Entertainment but no participants
Editorial
Kaieteur News
April 3, 2007

Related Links: Articles on CWC 2007
Letters Menu Archival Menu

Guyanese are a most hospitable people and it is this ability to make visitors feel comfortable that has landed some of us in more debt than we could ever imagine.

In the first instance some of us took loans in response to an appeal by the Local Organizing Committee that thousands of visitors would be descending on the country and that they would need somewhere to stay.

The crowds did not come and while some people actually benefited from the Cricket World Cup in that they were able to attract people to their homes the vast majority were left to complain.

Unwittingly they helped the local economy, in that for a while they provided employment and they caused some of the liquidity in the banks to be reduced by way of the loans or simply by the huge withdrawals to facilitate the constructions. They also added value to their homes so that in the event they decide to sell, as many people are doing, they could actually attract much more by way of the selling price.

Others were more enterprising. They knew that there is never much by way of entertainment in this country. If one wants to have some fun, for the greater part one would have to resort to the liquour parlours or rum shops and the few beer gardens that tend to spring up in times of plenty.

In the city there are the night clubs that offer a range of entertainment that varies between dancing and singing as is the case with karaoke. Little else. The cinemas are defunct. People have been complaining about the paucity of entertainment, and although some entities have tried to expand the range by providing activities such as jazz sessions and other forms of musical entertainment, for the greater part, there is not much people could do.

There has developed a seawall culture at the weekends where people simply go there and create their own entertainment. This phenomenon seems to be growing larger especially since the crowd moved from the vicinity of Le Meridien to the area across from Sheriff Street.

But even this form of entertainment is not for everyone. The older folk would not find this very enterprising since the music would be something with which they cannot relate. It therefore came as no surprise when some enterprising people opted to set up entertainment villages during the period when these foreign visitors should descend on Guyana.

One would have expected that entertainment starved older Guyanese would have been among the first to take advantage of this new source of entertainment.

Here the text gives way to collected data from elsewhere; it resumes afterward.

lemma fundamental_system_nonproportional:
  assumes fund: "fundamental_system A0 A1 A2 I w1 w2" and I: "is_interval I"
    and A2: "\<forall>x\<in>I. poly A2 x \<noteq> 0" and "x \<in> I"
  shows "w1 x \<noteq> c * w2 x \<or> deriv w1 x \<noteq> c * deriv w2 x"
proof (rule ccontr)
  assume proportional: "\<not> ?thesis"
  have sol: "ode_solution A0 A1 A2 I w1" "ode_solution A0 A1 A2 I w2"
    and indep: "\<And>c1 c2. \<forall>x\<in>I. c1 * w1 x + c2 * w2 x = 0 \<Longrightarrow> c1 = 0 \<and> c2 = 0"
    using fund unfolding fundamental_system_def by blast+
  have solve_for_u'': "z = - (a1 / a2 * y + a0 / a2 * x)"
    if "a2 * z + (a1 * y + a0 * x) = 0" "a2 \<noteq> 0" for a2 a1 a0 z y x :: real
    using that by (simp add: field_simps)
  have "w1 t - c * w2 t = 0" if "t \<in> I" for t
  proof (rule linear_ode2_zero_unique[where u' = "\<lambda>s. deriv w1 s - c * deriv w2 s"
        and u'' = "\<lambda>s. deriv (deriv w1) s - c * deriv (deriv w2) s"
        and p = "\<lambda>s. poly A1 s / poly A2 s" and q = "\<lambda>s. poly A0 s / poly A2 s",
        OF I _ _ _ _ _ \<open>x \<in> I\<close> _ _ that])
    show "w1 x - c * w2 x = 0" "deriv w1 x - c * deriv w2 x = 0"
      using proportional by simp_all
    show "continuous_on I (\<lambda>s. poly A1 s / poly A2 s)" "continuous_on I (\<lambda>s. poly A0 s / poly A2 s)"
      using A2 by (auto intro!: continuous_intros)
  next
    fix s assume s: "s \<in> I"
    show "((\<lambda>s. w1 s - c * w2 s) has_real_derivative deriv w1 s - c * deriv w2 s) (at s)"
      using ode_solution_DERIV(1)[OF sol(1) s] ode_solution_DERIV(1)[OF sol(2) s]
      by (auto intro!: derivative_eq_intros)
    show "((\<lambda>s. deriv w1 s - c * deriv w2 s) has_real_derivative
        deriv (deriv w1) s - c * deriv (deriv w2) s) (at s)"
      using ode_solution_DERIV(2)[OF sol(1) s] ode_solution_DERIV(2)[OF sol(2) s]
      by (auto intro!: derivative_eq_intros)
    have "poly A2 s * (deriv (deriv w1) s - c * deriv (deriv w2) s)
        + (poly A1 s * (deriv w1 s - c * deriv w2 s) + poly A0 s * (w1 s - c * w2 s))
      = (poly A2 s * deriv (deriv w1) s + poly A1 s * deriv w1 s + poly A0 s * w1 s)
        - c * (poly A2 s * deriv (deriv w2) s + poly A1 s * deriv w2 s + poly A0 s * w2 s)"
      by (simp add: algebra_simps)
    also have "\<dots> = 0"
      using ode_solution_eq[OF sol(1) s] ode_solution_eq[OF sol(2) s] by simp
    finally show "deriv (deriv w1) s - c * deriv (deriv w2) s
        = - (poly A1 s / poly A2 s * (deriv w1 s - c * deriv w2 s)
             + poly A0 s / poly A2 s * (w1 s - c * w2 s))"
      by (rule solve_for_u'') (use A2 s in auto)
  qed
  then have "\<forall>t\<in>I. 1 * w1 t + (- c) * w2 t = 0"
    by simp
  then show False
    using indep[of 1 "- c"] by simp
qed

The Legends Village at the Demerara Cricket Club Ground in Queenstown has been attracting very few people.

The recreation centre set up by the City Council has fared even worse. It is as if Guyanese eschew entertainment for one reason or the other. We have seen them in their thousands at musical shows having paid large sums just to be there; we have seen them at the National Cultural Centre for plays and beauty pageants.

So why have they not sought to capitalize on cheaper forms of entertainment? It has to be that older people now prefer to stay at home, glued to the television screen. For one, they may still be reacting to the crime wave that almost shut down the country. But then again, they may be contemplating the dollar which is in very short supply and hard to come by unless one is into some illegal activity.

If indeed it is a case that older Guyanese are no longer keen for clean entertainment then the society has changed radically and Guyanese are heading toward the dark ages. We know that good plays are no longer being staged; and that concerts are fast becoming things of the past.

But then again, the recreation centres might not have attracted too many people because they saved and spent heavily to go to the World Cup cricket match featuring West Indies and Sri Lanka. That would have cost the ordinary men a pretty penny, and having come and gone, the ordinary people are now broke--too broke to even have some form of entertainment.